Pediatrician charged after 4-year-old daughter dies at Airbnb rental

Police say medical findings did not match a drowning in a backyard pool.

EL PORTAL, Fla. — A newly released 911 call records an Oklahoma pediatrician telling a dispatcher her 4-year-old daughter was “at the bottom of the pool” at a rental home near Miami, a death investigators say was staged as an accident and has led to a murder charge.

The call, made in the early hours of June 27, 2025, is now central to a case that has stretched from South Florida to Oklahoma City and back again. Detectives say the child, Aria Talathi, did not drown and was likely dead before she was placed in the water. Her mother, Dr. Neha Gupta, is jailed in Miami-Dade County without bond as prosecutors pursue the upgraded charge and prepare for trial.

In the audio obtained by local media, Gupta tells the dispatcher she woke up after hearing a noise and found her daughter in the pool behind the short-term rental on Northwest 90th Street. “I tried to get her out,” Gupta says, adding that she does not know how to swim. The dispatcher asks whether anyone else is there to help. “No, it’s just both of us here… It’s just me,” Gupta replies. As the call continues, the dispatcher presses for simple answers about the child’s condition. “Is she awake, yes or no?” the dispatcher asks. “No, she’s at the bottom of the pool,” Gupta responds. The dispatcher urges her to use a pole or any tool to reach the child and pull her toward the shallow end as rescue crews head to the home.

Police later arrived and pulled the girl from the deep end, authorities have said. First responders began CPR and the child was taken to Jackson Memorial Hospital’s Ryder Trauma Center, where she was pronounced dead at 4:28 a.m. Investigators say the medical findings that followed did not support a drowning. A medical examiner found the child’s lungs and stomach did not contain water, and noted injuries inside the mouth and bruising that detectives said were not consistent with CPR. The preliminary assessment, described in court records and investigative summaries, said the injuries appeared consistent with smothering and that the child was likely already dead before being placed in the pool.

The case quickly moved from a reported accident to a homicide investigation. Miami-Dade authorities say Gupta and her daughter traveled from Oklahoma City and were the only occupants at the rental, based on surveillance video and booking records. Detectives also said Gupta shared custody of Aria with her ex-husband, Dr. Saurabh Talathi, and that there was an ongoing custody dispute in Oklahoma. Investigators said the father told them he was unaware the child had been taken out of state. A neighbor interviewed after the death questioned how a young child could have been outside in the middle of the night, calling the situation alarming.

Gupta’s lawyers have disputed the state’s theory. Defense attorney Michael Mirer has said the child’s death was an accident and argued investigators “rushed to judgment.” In earlier court hearings, Mirer said Gupta did not intentionally harm her daughter and that the child got out through a door and fell into the pool. The defense has pointed to Gupta’s statements that she tried to help but could not swim and to the panic captured on the 911 call. Prosecutors, meanwhile, have pointed to the medical findings and what they call inconsistencies in Gupta’s account, including questions about the child’s last meal and the timeline leading up to the emergency call.

The criminal case has also had professional fallout for Gupta. Her former employer, OU Health and the University of Oklahoma, said in a joint statement in 2025 that she was suspended from patient care, given notice of termination, and was no longer seeing patients as of May 30, 2025. Investigators in Florida obtained a warrant after consulting with prosecutors, authorities said. Miami-Dade detectives traveled to Oklahoma City with the help of local police and federal marshals to take her into custody, then brought her back to South Florida as the case moved through bond hearings and charging decisions.

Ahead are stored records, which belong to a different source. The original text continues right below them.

fun before :: "'a \<Rightarrow> 'a \<Rightarrow> 'a list \<Rightarrow> bool" where
  "before c d [] = True"
| "before c d (x # xs) = ((x = d \<longrightarrow> c \<notin> set xs) \<and> before c d xs)"

definition tableau_words :: "nat list \<Rightarrow> (nat \<times> nat \<Rightarrow> nat) \<Rightarrow> (nat \<times> nat) list set" where
  "tableau_words lam rho = {w. set w \<subseteq> cells lam \<and> (\<forall>c\<in>cells lam. count_list w c = rho c)
      \<and> (\<forall>c d. covers c d \<longrightarrow> before c d w)}"

definition word_tableau :: "(nat \<times> nat) list \<Rightarrow> nat \<times> nat \<Rightarrow> nat set" where
  "word_tableau w c = {k \<in> {1..length w}. w ! (k - 1) = c}"

lemma before_append:
  "before c d (xs @ ys) \<longleftrightarrow> before c d xs \<and> before c d ys \<and> (d \<in> set xs \<longrightarrow> c \<notin> set ys)"
  by (induction xs) auto

lemma before_if_notin_left: "c \<notin> set xs \<Longrightarrow> before c d xs"
  by (induction xs) auto

lemma before_if_notin_right: "d \<notin> set xs \<Longrightarrow> before c d xs"
  by (induction xs) auto

lemma before_replicate: "c \<noteq> d \<Longrightarrow> before c d (replicate n e)"
  by (induction n) auto
(* Let $k_1<k_2$ and let $p_1,\ldots,p_\ell$ be the primes in $S(k_1,k_2):=\{p\in\mathcal{P}:k_1<p\le k_2\}$. Let $n,m\in\mathbb{N}$ satisfy $m\prod_{j=1}^{\ell}p_j\le n<(m+1)\prod_{j=1}^{\ell}p_j$. Let $X_1,\ldots,X_n$ be i.i.d. uniform on $\{1,\ldots,n\}$, and let $\tilde X_1,\ldots,\tilde X_n$ be i.i.d. with $\tilde X_i=p_1^{c_1}\cdots p_\ell^{c_\ell}$ where $c_1,\ldots,c_\ell$ are independent Bernoulli variables with parameters $1/p_1,\ldots,1/p_\ell$. For a prime $q$ let $Y_q:=\#\{i:q\mid X_i\}$ and $\tilde Y_q:=\#\{i:q\mid\tilde X_i\}$. Then there exists a coupling $\mu$ of $(X_i)_{i\le n}$ and $(\tilde X_i)_{i\le n}$ (a probability measure with these two marginal laws) such that for every $\epsilon>0$, \[ \mu\left(\sum_{q\in S(k_{1},k_{2})}Y_{q}^{2}-\sum_{q\in S(k_{1},k_{2})}\tilde{Y}_{q}^{2}\geq n^{2}\epsilon\right)\leq2^{n}\left(\frac{1}{m}\right)^{\frac{n\epsilon}{2k_{2}}}. \]
   Context: $\mathcal{P}$ denotes the set of primes. *)

theory Defs
  imports "HOL-Probability.Probability"
begin

definition primes_between :: "nat \<Rightarrow> nat \<Rightarrow> nat set" where
  "primes_between k1 k2 = {p. prime p \<and> k1 < p \<and> p \<le> k2}"

definition unif_law :: "nat \<Rightarrow> nat pmf" where
  "unif_law n = pmf_of_set {1..n}"

definition tilde_law :: "nat set \<Rightarrow> nat pmf" where
  "tilde_law S = map_pmf (\<lambda>c. \<Prod>p\<in>S. p ^ (if c p then 1 else 0))
                   (Pi_pmf S False (\<lambda>p. bernoulli_pmf (1 / real p)))"

definition iid_law :: "nat \<Rightarrow> nat pmf \<Rightarrow> (nat \<Rightarrow> nat) pmf" where
  "iid_law n D = Pi_pmf {0..<n} 0 (\<lambda>_. D)"

definition Ycount :: "nat \<Rightarrow> (nat \<Rightarrow> nat) \<Rightarrow> nat \<Rightarrow> nat" where
  "Ycount n x q = card {i \<in> {0..<n}. q dvd x i}"

end

theory Submission
  imports Defs
begin

text \<open>
  Put \<open>P = \<Prod>S\<close> and \<open>M = m P \<le> n\<close>. On a block of \<open>M\<close> consecutive integers the divisibility
  indicators of the distinct primes of \<open>S\<close> are independent, with \<open>q\<close> dividing a uniform
  element with probability \<open>1/q\<close>; so if \<open>X\<close> is uniform on \<open>{1..M}\<close>, the product of the primes of
  \<open>S\<close> dividing \<open>X\<close> has exactly the law of \<open>X\<^sub>\<sim>\<close>. Couple each coordinate accordingly: draw
  \<open>X\<close> uniform on \<open>{1..n}\<close> and take \<open>X\<^sub>\<sim>\<close> to be this product if \<open>X \<le> M\<close>, an independent sample
  otherwise. The event \<open>X > M\<close> has probability \<open>(n - M)/n < P/n \<le> 1/m\<close>. A coordinate on which the
  two sides are divisible by the same primes of \<open>S\<close> does not affect \<open>Y\<^sub>q - Y\<^sub>\<sim>\<^sub>q\<close>, and every other
  coordinate changes \<open>Y\<^sub>q\<^sup>2 - Y\<^sub>\<sim>\<^sub>q\<^sup>2\<close> by at most \<open>2n\<close>; hence the event in question forces at least
  \<open>n\<epsilon>/(2k\<^sub>2)\<close> coordinates with \<open>X > M\<close>, and a union bound over the \<open>2\<^sup>n\<close> possible sets of such
  coordinates gives the estimate.
\<close>

definition divisor_pattern :: "nat set \<Rightarrow> nat \<Rightarrow> nat set" where
  "divisor_pattern S x = {q\<in>S. q dvd x}"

Charging decisions have shifted over time. Gupta was initially booked on a first-degree murder allegation in 2025 as investigators argued the “drowning” was staged. In August 2025, prosecutors told a judge they were pursuing a lesser manslaughter count, saying in open court they believed that charge could be proved. Months later, the case moved back toward a more serious count, and by February 2026 local outlets reported the allegation had been upgraded again to second-degree murder. Court records and jail records have listed Gupta as being held without bond as the case proceeds.

In El Portal, a small village north of Miami, the death has remained a point of conversation because it began as a frantic late-night call and ended with a child’s funeral and a mother in jail. The 911 dispatcher’s repeated instructions to “try to get her out of the water” now sit alongside investigators’ claim that the child was already dead. Prosecutors have not laid out a detailed motive in public filings that have been widely summarized, but detectives have pointed to custody issues, travel records, surveillance video, and medical evidence as they build their case.

Gupta remains in custody in Miami-Dade County as attorneys prepare for upcoming hearings. The next major steps are expected to include continued pretrial proceedings, additional evidentiary filings, and scheduling decisions that will determine when jurors could hear the case.

Author note: Last updated February 25, 2026.